“Cheerleader material! I couldn’t believe it, I almost went full Matrix on her.” - 1.21

This movie is a milestone for me. This movie marks the last movie of Season 1. (I think I missed one or two because it wasn’t on Netflix. Sue me.) I saw this movie when it first came out on video in a friend’s home theatre at a party in middle school, if that gives you any insight into how long ago this was. I liked it, but I’m not really psyched to watch it again. We’ll see.
DISCLAIMER: My downstairs neighbor got a new sound system, or possibly a freight train and it has made my building shake and been insanely loud for about 4 hours now. If I seem like a crazy person during this entry, let it be known that I am aware.
Some things to mention:
- Nothing makes me feel less like a strong, powerful woman than watching Trinity fly over buildings and get away from agents, while I’m sitting on the couch crocheting a scarf.
- Dude, instant messaging. That’s how Trinity typed to you. Get with it.
- When I was little I thought all other people were robots except for me and my friend Kati, because she was weird like me. And we were the only real people. And all the robots were trying to hide it from us. I could have written a movie about that and made a crap load of money.
- I wonder if that agent is intentionally the most annoying person on the planet. And that’s saying a lot when you’re in a movie with Keanu.
- The first time I saw that part when they make Keanu’s mouth disappear, I was terrified. Then they send a bug into his body through his belly button.
- I need a black trench coat. Also, I need to start wearing my sunglasses at night. So I can, so I can hide.

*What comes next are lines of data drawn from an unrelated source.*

lemma measure_density_eq_integral:
  fixes Z :: "'a \<Rightarrow> real"
  assumes [measurable]: "Z \<in> borel_measurable M" "S \<in> sets M" and "\<And>x. 0 \<le> Z x"
  shows "measure (density M Z) S = (\<integral>x. Z x * indicator S x \<partial>M)"
proof -
  have "measure (density M Z) S = (\<integral>x. indicator S x \<partial>density M Z)"
    using sets.sets_into_space[OF assms(2)] by (simp add: Int_absorb2)
  also have "\<dots> = (\<integral>x. Z x * indicator S x \<partial>M)"
    using assms by (subst integral_density) auto
  finally show ?thesis .
qed

text \<open>Absolute continuity of the integral, proved by truncating \<open>Z\<close> at level \<open>m\<close>.\<close>
lemma (in finite_measure) measure_density_tendsto_zero:
  fixes Z :: "'a \<Rightarrow> real"
  assumes [measurable]: "Z \<in> borel_measurable M" and Z_nonneg: "\<And>x. 0 \<le> Z x"
    and Z_int: "integrable M Z"
    and [measurable]: "\<And>n. S n \<in> sets M" and S: "(\<lambda>n. measure M (S n)) \<longlonglongrightarrow> 0"
  shows "(\<lambda>n. measure (density M Z) (S n)) \<longlonglongrightarrow> 0"
proof (rule tendsto_zero_nonnegI)
  fix e :: real assume e: "0 < e"
  have "(\<lambda>m. \<integral>x. Z x - min (Z x) (real m) \<partial>M) \<longlonglongrightarrow> (\<integral>x. 0 \<partial>M)"
  proof (rule integral_dominated_convergence[where w = Z])
    show "AE x in M. (\<lambda>m. Z x - min (Z x) (real m)) \<longlonglongrightarrow> 0"
    proof (rule AE_I2)
      fix x
      obtain k where "Z x \<le> real k" using real_arch_simple by blast
      then have "eventually (\<lambda>m. Z x - min (Z x) (real m) = 0) sequentially"
        unfolding eventually_sequentially by (intro exI[of _ k]) (auto simp: min_def)
      then show "(\<lambda>m. Z x - min (Z x) (real m)) \<longlonglongrightarrow> 0" by (rule tendsto_eventually)
    qed
  qed (use Z_int Z_nonneg in \<open>auto simp: min_def\<close>)
  then have "eventually (\<lambda>m. (\<integral>x. Z x - min (Z x) (real m) \<partial>M) < e/2) sequentially"
    using e by (intro order_tendstoD(2)) auto
  then obtain m where m: "(\<integral>x. Z x - min (Z x) (real m) \<partial>M) < e/2"
    by (auto simp: eventually_sequentially)
  have "eventually (\<lambda>n. measure M (S n) < e / (2 * (real m + 1))) sequentially"
    using e by (intro order_tendstoD(2)[OF S]) auto
  then show "eventually (\<lambda>n. measure (density M Z) (S n) < e) sequentially"
  proof eventually_elim
    case (elim n)
    have int_min: "integrable M (\<lambda>x. min (Z x) (real m))"
      by (rule Bochner_Integration.integrable_bound[OF Z_int]) (use Z_nonneg in \<open>auto simp: min_def\<close>)
    have "measure (density M Z) (S n) = (\<integral>x. Z x * indicator (S n) x \<partial>M)"
      using Z_nonneg by (intro measure_density_eq_integral) auto
    also have "\<dots> \<le> (\<integral>x. (real m + 1) * indicator (S n) x + (Z x - min (Z x) (real m)) \<partial>M)"
      using Z_int int_min
      by (intro integral_mono) (auto simp: min_def split: split_indicator intro!: integrable_real_mult_indicator)
    also have "\<dots> = (real m + 1) * measure M (S n) + (\<integral>x. Z x - min (Z x) (real m) \<partial>M)"
      using Z_int int_min
      by (subst Bochner_Integration.integral_add) (auto simp: integrable_indicator_iff less_top[symmetric])
    also have "(real m + 1) * measure M (S n) < e/2"
      using elim by (simp add: field_simps)
    finally show ?case using m by linarith
  qed
qed simp

lemma (in prob_space) integral_abs_tendsto_zero_if_conv_in_prob:
  fixes f :: "nat \<Rightarrow> 'a \<Rightarrow> real"
  assumes conv: "conv_in_prob M f g"
    and [measurable]: "\<And>n. f n \<in> borel_measurable M" "g \<in> borel_measurable M"
    and bound: "\<And>n. AE x in M. \<bar>f n x - g x\<bar> \<le> c"
  shows "(\<lambda>n. \<integral>x. \<bar>f n x - g x\<bar> \<partial>M) \<longlonglongrightarrow> 0"
proof (rule tendsto_zero_nonnegI)
  fix e :: real assume e: "0 < e"
  have "eventually (\<lambda>n. measure M {x \<in> space M. e/2 < \<bar>f n x - g x\<bar>} < e / (2 * (\<bar>c\<bar> + 1))) sequentially"
    using conv[unfolded conv_in_prob_def, rule_format, OF half_gt_zero[OF e]] e
    by (intro order_tendstoD(2)) auto
  then show "eventually (\<lambda>n. (\<integral>x. \<bar>f n x - g x\<bar> \<partial>M) < e) sequentially"
  proof eventually_elim
    case (elim n)
    let ?S = "{x \<in> space M. e/2 < \<bar>f n x - g x\<bar>}"
    have "(\<integral>x. \<bar>f n x - g x\<bar> \<partial>M) \<le> (\<integral>x. e/2 + c * indicator ?S x \<partial>M)"
    proof (rule integral_mono_AE)
      show "integrable M (\<lambda>x. \<bar>f n x - g x\<bar>)"
        using bound[of n] by (intro integrable_const_bound[of _ c]) auto
      show "AE x in M. \<bar>f n x - g x\<bar> \<le> e/2 + c * indicator ?S x"
        using bound[of n] AE_space by eventually_elim (use e in \<open>auto split: split_indicator\<close>)
    qed (auto simp: integrable_indicator_iff less_top[symmetric])
    also have "\<dots> = e/2 + c * measure M ?S"
      by (simp add: integrable_indicator_iff less_top[symmetric] prob_space)
    also have "c * measure M ?S \<le> (\<bar>c\<bar> + 1) * measure M ?S"
      by (intro mult_right_mono) auto
    also have "\<dots> < e/2"
      using elim by (simp add: field_simps)
    finally show ?case by linarith
  qed
qed simp

lemma measure_ge_tendsto_zero_if_integral_tendsto_zero:
  fixes V :: "nat \<Rightarrow> 'a \<Rightarrow> real"
  assumes "\<And>n. integrable M (V n)" and "\<And>n. AE x in M. 0 \<le> V n x"
    and "(\<lambda>n. \<integral>x. V n x \<partial>M) \<longlonglongrightarrow> 0" and "0 < c"
  shows "(\<lambda>n. measure M {x \<in> space M. c \<le> V n x}) \<longlonglongrightarrow> 0"
proof (rule tendsto_sandwich[of "\<lambda>_. 0" _ _ "\<lambda>n. (\<integral>x. V n x \<partial>M) / c"])
  show "\<forall>\<^sub>F n in sequentially. measure M {x \<in> space M. c \<le> V n x} \<le> (\<integral>x. V n x \<partial>M) / c"
    using integral_Markov_inequality_measure[OF assms(1) sets.top assms(2) assms(4)] by simp
  show "(\<lambda>n. (\<integral>x. V n x \<partial>M) / c) \<longlonglongrightarrow> 0"
    using tendsto_divide[OF assms(3) tendsto_const[of c]] assms(4) by simp
qed (auto intro!: always_eventually)

lemma (in finite_measure) obtain_small_measure_below_level:
  fixes w :: "'a \<Rightarrow> real"
  assumes [measurable]: "w \<in> borel_measurable M" and w_pos: "AE x in M. 0 < w x" and "0 < e"
  obtains d where "0 < d" and "measure M {x \<in> space M. w x \<le> d} < e"
proof -
  define A where "A k = {x \<in> space M. w x \<le> 1 / Suc k}" for k
  have [measurable]: "A k \<in> sets M" for k
    unfolding A_def by measurable
  have "decseq A"
    unfolding A_def by (intro decseq_SucI) (auto simp: frac_le order_trans)
  then have "(\<lambda>k. measure M (A k)) \<longlonglongrightarrow> measure M (\<Inter>k. A k)"
    by (intro finite_Lim_measure_decseq) auto
  moreover have "(\<Inter>k. A k) = {x \<in> space M. w x \<le> 0}"
  proof (intro equalityI subsetI)
    fix x assume x: "x \<in> (\<Inter>k. A k)"
    have "w x \<le> 0"
    proof (rule field_le_epsilon)
      fix d :: real assume "0 < d"
      then obtain k where "1 / Suc k < d"
        using nat_approx_posE by blast
      moreover have "w x \<le> 1 / Suc k" using x by (auto simp: A_def)
      ultimately show "w x \<le> 0 + d" by linarith
    qed
    with x show "x \<in> {x \<in> space M. w x \<le> 0}" by (auto simp: A_def)
  qed (auto simp: A_def order_trans)
  moreover have "measure M {x \<in> space M. w x \<le> 0} = 0"
    using AE_iff_measurable[of "{x \<in> space M. w x \<le> 0}" M "\<lambda>x. 0 < w x"] w_pos
    by (auto simp: measure_def not_less)
  ultimately have "eventually (\<lambda>k. measure M (A k) < e) sequentially"
    using \<open>0 < e\<close> by (intro order_tendstoD(2)) auto
  then obtain k where "measure M (A k) < e"
    by (auto simp: eventually_sequentially)
  then show ?thesis
    by (intro that[of "1 / Suc k"]) (auto simp: A_def)
qed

- I would probably take the blue pill. Usually, if the choice is between doing something, or being asleep in my bed, I’m going to choose bed.
- 1999?! This movie is old…
- The Matrix is every nerd’s greatest dreams realized. We live in a computer-generated world? I bet when this movie came out there was a great increase in the sale of inhalers.
- Thanks Morpheus. Now I have “Free your mind…and the rest will follow” stuck in my head.
- Cypher is the guy from Memento. Just realized that.
- The oracle knows everything…except that smoking is bad for you.
- I would hate to live in a world where Keanu Reeves is The One.
- Aw, I forgot Mouse died. He was so cute.
- Oh Cypher, don’t you kill Tank. You are responsible for killing the only 2 people in this movie I actually liked!
- Hell yeah! Tank’s not dead! He’s just busy kicking ass!
- Yeah, I definitely need a black trench coat.
- Trinity! Now is not the time for heart to hearts! Answer the freaking phone!
- Oh I do not like those alien, robot squid things.
- It’s like Keanu is Sleeping Beauty. Or Snow White. Whichever one woke up from a kiss.
There’s not really much to say about the Matrix. So I leave you with this…My neighbor is still running the freight train through his apartment. And I still want to blow my brains out.